Department of Pathobiology, University of Pennsylvania School of Veterinary Medicine, Philadelphia, Pennsylvania, United States of America.
PLoS One. 2012;7(6):e38596. doi: 10.1371/journal.pone.0038596. Epub 2012 Jun 12.
Bacteria of the genus Salmonella comprise a large and evolutionary related population of zoonotic pathogens that can infect mammals, including humans and domestic animals, birds, reptiles and amphibians. Salmonella carries a plethora of virulence genes, including fimbrial adhesins, some of them known to participate in mammalian or avian host colonization. Each type of fimbria has its structural subunit and biogenesis genes encoded by one fimbrial gene cluster (FGC). The accumulation of new genomic information offered a timely opportunity to better evaluate the number and types of FGCs in the Salmonella pangenome, to test the use of current classifications based on phylogeny, and to infer potential correlations between FGC evolution in various Salmonella serovars and host niches. This study focused on the FGCs of the currently deciphered 90 genomes and 60 plasmids of Salmonella. The analysis highlighted a fimbriome consisting of 35 different FGCs, of which 16 were new, each strain carrying between 5 and 14 FGCs. The Salmonella fimbriome was extremely diverse with FGC representatives in 8 out of 9 previously categorized fimbrial clades and subclades. Phylogenetic analysis of Salmonella suggested macroevolutionary shifts detectable by extensive FGC deletion and acquisition. In addition, microevolutionary drifts were best depicted by the high level of allelic variation in predicted or known adhesins, such as the type 1 fimbrial adhesin FimH for which 67 different natural alleles were identified in S. enterica subsp. I. Together with strain-specific collections of FGCs, allelic variation among adhesins attested to the pathoadaptive evolution of Salmonella towards specific hosts and tissues, potentially modulating host range, strain virulence, disease progression, and transmission efficiency. Further understanding of how each Salmonella strain utilizes its panel of FGCs and specific adhesin alleles for survival and infection will support the development of new approaches for the control of Salmonellosis.

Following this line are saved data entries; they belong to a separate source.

(* Let $F$ be a nonarchimedean local field with ring of integers $\mathcal{O}$, uniformizer $\varpi$, residue field of order $q$. Let $\nu\in\mathbb{C}$ and let $V_\nu$ be the space of locally constant $f:\mathrm{SL}_2(F)\to\mathbb{C}$ with $f(a(t)nk)=|t|^{\nu+1}f(k)$ for $t\in F^\times$, $n\in N$, $k\in\mathrm{SL}_2(\mathcal{O})$, where $a(t)=\mathrm{diag}(t,t^{-1})$ and $N$ is the group of upper triangular unipotent matrices; $\mathrm{SL}_2(F)$ acts by right translation ($\pi_\nu$). Let $f_0\in V_\nu$ be the vector with $f_0(a(t)nk)=|t|^{\nu+1}$. Let $\tilde\eta$ be a character of $F$ trivial on $\mathcal{O}$ and nontrivial on $\varpi^{-1}\mathcal{O}$, $\eta\begin{pmatrix}1&x\\0&1\end{pmatrix}=\tilde\eta(x)$, $w=\begin{pmatrix}0&1\\-1&0\end{pmatrix}$, and $\psi(f)=\int_N\eta(n^{-1})f(wn)\,dn$, with $W(g)=\psi(\pi_\nu(g)f_0)$. Put $I(s)=\int_{F^\times}W(a(t))|t|^{s-1}d^\times t$. Then for $\mathrm{Re}(s)$ sufficiently large $$I(s)=\frac{L(\pi,\mathrm{Ad},s)}{L(\pi,\mathrm{triv},s)}F_\nu(s),$$ where $L(\pi,\mathrm{triv},s)=\frac{1}{1-q^{-s}}$, $L(\pi,\mathrm{Ad},s)=\frac{1}{(1-q^{-(s+\nu)})(1-q^{-s})(1-q^{-(s-\nu)})}$, and $F_\nu(s)=(1-q^{-\nu-1})(1+q^{-s})$ is entire; that is, $I(s)=\frac{(1-q^{-\nu-1})(1+q^{-s})}{(1-q^{-(s+\nu)})(1-q^{-(s-\nu)})}$.
   Context: Haar measures: $dx$ on $F$ (and $dn$ on $N\cong F$) normalized so that $\mathcal{O}$ has volume $1$; $d^\times t$ on $F^\times$ normalized so that $\mathcal{O}^\times$ has volume $1$. The integral defining $\psi$ is understood as $\lim_{k\to\infty}\int_{\varpi^{-k}\mathcal{O}}$ over $x$ for $n=\begin{pmatrix}1&x\\0&1\end{pmatrix}$ (it is absolutely convergent for $\mathrm{Re}(\nu)>0$). *)

theory Defs
  imports "HOL-Analysis.Analysis"
begin

definition int_ring :: "('a::field \<Rightarrow> real) \<Rightarrow> 'a set" where
  "int_ring av = {x. av x \<le> 1}"

definition unit_group :: "('a::field \<Rightarrow> real) \<Rightarrow> 'a set" where
  "unit_group av = {x. av x = 1}"

definition residue_field :: "('a::field \<Rightarrow> real) \<Rightarrow> 'a set set" where
  "residue_field av = int_ring av //
     {(x, y). x \<in> int_ring av \<and> y \<in> int_ring av \<and> av (x - y) < 1}"

definition av_cauchy :: "('a::field \<Rightarrow> real) \<Rightarrow> (nat \<Rightarrow> 'a) \<Rightarrow> bool" where
  "av_cauchy av X \<longleftrightarrow> (\<forall>e>0. \<exists>N. \<forall>m\<ge>N. \<forall>n\<ge>N. av (X m - X n) < e)"

definition av_conv :: "('a::field \<Rightarrow> real) \<Rightarrow> (nat \<Rightarrow> 'a) \<Rightarrow> 'a \<Rightarrow> bool" where
  "av_conv av X L \<longleftrightarrow> (\<forall>e>0. \<exists>N. \<forall>n\<ge>N. av (X n - L) < e)"

definition nonarch_local_field :: "('a::field \<Rightarrow> real) \<Rightarrow> 'a \<Rightarrow> nat \<Rightarrow> bool" where
  "nonarch_local_field av \<pi> q \<longleftrightarrow>
     (\<forall>x. 0 \<le> av x) \<and> (\<forall>x. av x = 0 \<longleftrightarrow> x = 0) \<and>
     (\<forall>x y. av (x * y) = av x * av y) \<and>
     (\<forall>x y. av (x + y) \<le> max (av x) (av y)) \<and>
     (\<forall>x. x \<noteq> 0 \<longrightarrow> (\<exists>k::int. av x = real q powr real_of_int k)) \<and>
     av \<pi> = 1 / real q \<and>
     finite (residue_field av) \<and> card (residue_field av) = q \<and>
     (\<forall>X. av_cauchy av X \<longrightarrow> (\<exists>L. av_conv av X L))"

definition av_balls :: "('a::field \<Rightarrow> real) \<Rightarrow> 'a set set" where
  "av_balls av = {{y. av (y - x) \<le> r} | x r. True}"

definition add_haar :: "('a::field \<Rightarrow> real) \<Rightarrow> 'a measure \<Rightarrow> bool" where
  "add_haar av mu \<longleftrightarrow>
     space mu = UNIV \<and> sets mu = sigma_sets UNIV (av_balls av) \<and>
     (\<forall>A\<in>sets mu. \<forall>x. emeasure mu ((\<lambda>y. x + y) ` A) = emeasure mu A) \<and>
     emeasure mu (int_ring av) = 1"

definition mult_haar :: "('a::field \<Rightarrow> real) \<Rightarrow> 'a measure \<Rightarrow> 'a measure \<Rightarrow> bool" where
  "mult_haar av mu mux \<longleftrightarrow>
     space mux = {x. x \<noteq> 0} \<and> sets mux = sets (restrict_space mu {x. x \<noteq> 0}) \<and>
     (\<forall>A\<in>sets mux. \<forall>x. x \<noteq> 0 \<longrightarrow> emeasure mux ((\<lambda>y. x * y) ` A) = emeasure mux A) \<and>
     emeasure mux (unit_group av) = 1"

definition mat2 :: "'a::zero \<Rightarrow> 'a \<Rightarrow> 'a \<Rightarrow> 'a \<Rightarrow> 'a^2^2" where
  "mat2 a b c d = vector [vector [a, b], vector [c, d]]"

definition amat :: "'a::field \<Rightarrow> 'a^2^2" where "amat t = mat2 t 0 0 (inverse t)"
definition nmat :: "'a::field \<Rightarrow> 'a^2^2" where "nmat x = mat2 1 x 0 1"
definition wmat :: "'a::field^2^2" where "wmat = mat2 0 1 (-1) 0"

definition SL2 :: "('a::field^2^2) set" where "SL2 = {g. det g = 1}"

definition SL2_int :: "('a::field \<Rightarrow> real) \<Rightarrow> ('a^2^2) set" where
  "SL2_int av = {k. det k = 1 \<and> (\<forall>i j. k $ i $ j \<in> int_ring av)}"

text \<open>\<psi>(f) = lim_k \<integral>_{\<pi>^{-k} O} \<eta>(n(x)^{-1}) f(w n(x)) dx, and
  W(g) = \<psi>(\<pi>_\<nu>(g) f0), where (\<pi>_\<nu>(g) f0)(h) = f0(h g).\<close>
definition whittaker_psi ::
  "('a::field \<Rightarrow> real) \<Rightarrow> 'a \<Rightarrow> 'a measure \<Rightarrow> ('a \<Rightarrow> complex) \<Rightarrow> ('a^2^2 \<Rightarrow> complex) \<Rightarrow> complex" where
  "whittaker_psi av \<pi> mu eta f =
     lim (\<lambda>k::nat. LINT x:((\<lambda>y. inverse \<pi> ^ k * y) ` int_ring av)|mu. eta (- x) * f (wmat ** nmat x))"

definition whittaker_W ::
  "('a::field \<Rightarrow> real) \<Rightarrow> 'a \<Rightarrow> 'a measure \<Rightarrow> ('a \<Rightarrow> complex) \<Rightarrow> ('a^2^2 \<Rightarrow> complex) \<Rightarrow> 'a^2^2 \<Rightarrow> complex" where
  "whittaker_W av \<pi> mu eta f0 g = whittaker_psi av \<pi> mu eta (\<lambda>h. f0 (h ** g))"

definition zeta_I ::
  "('a::field \<Rightarrow> real) \<Rightarrow> 'a \<Rightarrow> 'a measure \<Rightarrow> 'a measure \<Rightarrow> ('a \<Rightarrow> complex) \<Rightarrow> ('a^2^2 \<Rightarrow> complex) \<Rightarrow> complex \<Rightarrow> complex" where
  "zeta_I av \<pi> mu mux eta f0 s =
     (LINT t|mux. whittaker_W av \<pi> mu eta f0 (amat t) * complex_of_real (av t) powr (s - 1))"

definition L_triv :: "nat \<Rightarrow> complex \<Rightarrow> complex" where
  "L_triv q s = 1 / (1 - of_nat q powr (- s))"

definition L_Ad :: "nat \<Rightarrow> complex \<Rightarrow> complex \<Rightarrow> complex" where
  "L_Ad q \<nu> s = 1 / ((1 - of_nat q powr (-(s + \<nu>))) * (1 - of_nat q powr (- s))
                     * (1 - of_nat q powr (-(s - \<nu>))))"

definition F_nu :: "nat \<Rightarrow> complex \<Rightarrow> complex \<Rightarrow> complex" where
  "F_nu q \<nu> s = (1 - of_nat q powr (- \<nu> - 1)) * (1 + of_nat q powr (- s))"

end

(*
  By the Iwasawa decomposition, f0 g = max (|c|, |d|) ^ -(nu + 1) for g with bottom row (c, d),
  so the integrand f0 (w n(x) a(t)) of W(a(t)) depends on x only through |x|. The character
  integrates to q^j over the ball |x| <= q^j when j <= 0 and to 0 when j >= 1, so summation by
  parts over the shells |x| = q^j shows that W(a(t)) vanishes for |t| > 1 and is a finite
  geometric expression for |t| = q^-n. Every shell |t| = q^-n has multiplicative measure 1, so
  I(s) is a power series in q^-s; its coefficients obey a first-order recursion, which yields
  the rational function in closed form once Re s is large enough for absolute convergence.
*)

theory Submission
  imports Defs
begin

section \<open>The absolute value and its balls\<close>

lemma equiv_class_representatives:
  assumes "equiv A r"
  obtains R where "R \<subseteq> A" "bij_betw (\<lambda>a. r `` {a}) R (A // r)"
proof -
  have rep: "(SOME a. a \<in> X) \<in> X" "r `` {SOME a. a \<in> X} = X" if "X \<in> A // r" for X
  proof -
    obtain x where x: "x \<in> A" "X = r `` {x}" using \<open>X \<in> A // r\<close>
      by (rule quotientE)
    hence "x \<in> X" using equiv_class_self[OF assms] by simp
    thus some: "(SOME a. a \<in> X) \<in> X" by (rule someI)
    hence "r `` {x} = r `` {SOME a. a \<in> X}"
      using x(2) by (intro equiv_class_eq[OF assms]) blast
    thus "r `` {SOME a. a \<in> X} = X" using x(2) by (rule trans[OF sym sym])
  qed
  have sub: "X \<subseteq> A" if "X \<in> A // r" for X
    using that assms by (auto elim!: quotientE dest: equiv_type)
  show thesis
  proof
    show "(\<lambda>X. SOME a. a \<in> X) ` (A // r) \<subseteq> A" using rep sub by blast
    show "bij_betw (\<lambda>a. r `` {a}) ((\<lambda>X. SOME a. a \<in> X) ` (A // r)) (A // r)"
      by (rule bij_betw_byWitness[where f' = "\<lambda>X. SOME a. a \<in> X"])
        (auto simp: rep simp del: Image_singleton_iff)
  qed
qed

locale local_field =
  fixes av :: "'a::field \<Rightarrow> real" and \<pi> :: 'a and q :: nat
  assumes local_field: "nonarch_local_field av \<pi> q"
begin

abbreviation Q :: real where "Q \<equiv> real q"

lemma av_nonneg: "0 \<le> av x"
  and av_eq_0_iff [simp]: "av x = 0 \<longleftrightarrow> x = 0"
  and av_mult: "av (x * y) = av x * av y"
  and av_add_le_max: "av (x + y) \<le> max (av x) (av y)"
  and av_nonzero_values: "x \<noteq> 0 \<Longrightarrow> \<exists>k::int. av x = Q powr k"
  and av_uniformizer: "av \<pi> = 1 / Q"
  and finite_residue_field: "finite (residue_field av)"
  and card_residue_field: "card (residue_field av) = q"
  using local_field by (auto simp: nonarch_local_field_def)

lemma av_0 [simp]: "av 0 = 0"
  by simp

lemma av_pos: "x \<noteq> 0 \<Longrightarrow> 0 < av x"
  using av_nonneg[of x] av_eq_0_iff[of x] by linarith

lemma av_1 [simp]: "av 1 = 1"
  using av_mult[of 1 1] by simp

lemma av_minus [simp]: "av (- x) = av x"
proof -
  have "(av (-1) - 1) * (av (-1) + 1) = 0"
    using av_mult[of "-1" "-1"] by (simp add: algebra_simps)
  moreover have "av (-1) + 1 \<noteq> 0" using av_nonneg[of "-1"] by linarith
  ultimately have "av (-1) = 1" by simp
  thus ?thesis using av_mult[of "-1" x] by simp
qed

lemma av_minus_commute: "av (x - y) = av (y - x)"
  by (metis av_minus minus_diff_eq)

lemma av_inverse: "av (inverse x) = inverse (av x)"
  by (cases "x = 0") (auto simp: field_simps simp flip: av_mult)

lemma av_divide: "av (x / y) = av x / av y"
  by (simp add: divide_inverse av_mult av_inverse)

lemma av_power: "av (x ^ n) = av x ^ n"
  by (induct n) (auto simp: av_mult)

definition residue_rel :: "('a \<times> 'a) set" where
  "residue_rel = {(x, y). x \<in> int_ring av \<and> y \<in> int_ring av \<and> av (x - y) < 1}"

lemma residue_field_eq: "residue_field av = int_ring av // residue_rel"
  by (simp add: residue_field_def residue_rel_def)

lemma equiv_residue_rel: "equiv (int_ring av) residue_rel"
proof (rule equivI)
  show "trans residue_rel"
  proof (rule transI)
    fix x y z assume "(x, y) \<in> residue_rel" "(y, z) \<in> residue_rel"
    moreover have "av (x - z) \<le> max (av (x - y)) (av (y - z))"
      using av_add_le_max[of "x - y" "y - z"] by simp
    ultimately show "(x, z) \<in> residue_rel" by (auto simp: residue_rel_def)
  qed
qed (auto simp: refl_on_def sym_def residue_rel_def av_minus_commute)

text \<open>For q = 1 every nonzero element would be a unit, and the residue field would have at
  least the two classes of 0 and 1.\<close>
lemma q_ge_2: "q \<ge> 2"
proof (rule ccontr)
  assume "\<not> q \<ge> 2"
  hence "q = 0 \<or> q = 1" by auto
  thus False
  proof
    assume "q = 0"
    thus False using av_nonzero_values[of 1] by auto
  next
    assume q1: "q = 1"
    hence unit: "x \<noteq> 0 \<Longrightarrow> av x = 1" for x using av_nonzero_values[of x]
      by auto
    have "av x \<le> 1" for x using unit[of x] by (cases "x = 0") auto
    hence O: "int_ring av = UNIV" by (auto simp: int_ring_def)
    have "av (x - y) < 1 \<Longrightarrow> y = x" for x y using unit[of "x - y"] by force
    hence "residue_rel `` {x} = {x}" for x by (auto simp: residue_rel_def O)
    hence "{0} \<in> residue_field av" "{1} \<in> residue_field av"
      unfolding residue_field_eq using O by (metis UNIV_I quotientI)+
    hence "card {{0::'a}, {1}} \<le> card (residue_field av)"
      using finite_residue_field by (intro card_mono) auto
    thus False using card_residue_field q1 by simp
  qed
qed

lemma Q_gt_1: "Q > 1" and Q_pos: "Q > 0"
  using q_ge_2 by simp_all

lemma Q_powr_le_iff: "Q powr a \<le> Q powr b \<longleftrightarrow> a \<le> b"
  and Q_powr_less_iff: "Q powr a < Q powr b \<longleftrightarrow> a < b"
  and Q_powr_eq_iff: "Q powr a = Q powr b \<longleftrightarrow> a = b"
  using Q_gt_1 by (auto simp: powr_inj)

lemma av_less_1_iff: "av x < 1 \<longleftrightarrow> av x \<le> 1 / Q"
proof
  assume "av x < 1"
  show "av x \<le> 1 / Q"
  proof (cases "x = 0")
    case False
    then obtain k :: int where k: "av x = Q powr k" using av_nonzero_values by blast
    with \<open>av x < 1\<close> have "k \<le> - 1" using Q_powr_less_iff[of k 0] Q_pos by simp
    thus ?thesis using k Q_powr_le_iff[of k "- 1"] Q_pos by (simp add: powr_minus_divide)
  qed (use Q_pos in simp)
next
  assume "av x \<le> 1 / Q"
  moreover have "1 / Q < 1" using Q_gt_1 by simp
  ultimately show "av x < 1" by linarith
qed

沙门氏菌属的细菌包含大量进化相关的人畜共患病病原体种群,可感染哺乳动物,包括人类和家畜、鸟类、爬行动物和两栖动物。沙门氏菌携带大量毒力基因,包括菌毛粘附素,其中一些已知参与哺乳动物或禽类宿主定殖。每种菌毛都有其结构亚基和生物发生基因,由一个菌毛基因簇(FGC)编码。新基因组信息的积累为更好地评估沙门氏菌泛基因组中的 FGC 数量和类型、测试基于系统发育的现有分类法的使用以及推断各种沙门氏菌血清型和宿主小生境中 FGC 进化之间的潜在相关性提供了及时的机会。本研究集中于目前破译的 90 个沙门氏菌基因组和 60 个质粒的 FGC。分析突出了由 35 个不同 FGC 组成的菌毛组,其中 16 个是新的,每个菌株携带 5 到 14 个 FGC。沙门氏菌菌毛组非常多样化,在 9 个先前分类的菌毛群和亚群中有 FGC 代表。沙门氏菌的系统发育分析表明,通过广泛的 FGC 删除和获得可以检测到宏观进化转变。此外,通过预测或已知粘附素的等位基因变异水平可以最好地描述微进化漂移,例如 1 型菌毛粘附素 FimH,在肠沙门氏菌亚种 I 中鉴定出 67 个不同的天然等位基因。与菌株特异性的 FGC 集合一起,粘附素中的等位基因变异证明了沙门氏菌对特定宿主和组织的病理适应进化,可能调节宿主范围、菌株毒力、疾病进展和传播效率。进一步了解每个沙门氏菌菌株如何利用其 FGC 面板和特定粘附素等位基因进行生存和感染,将支持开发控制沙门氏菌病的新方法。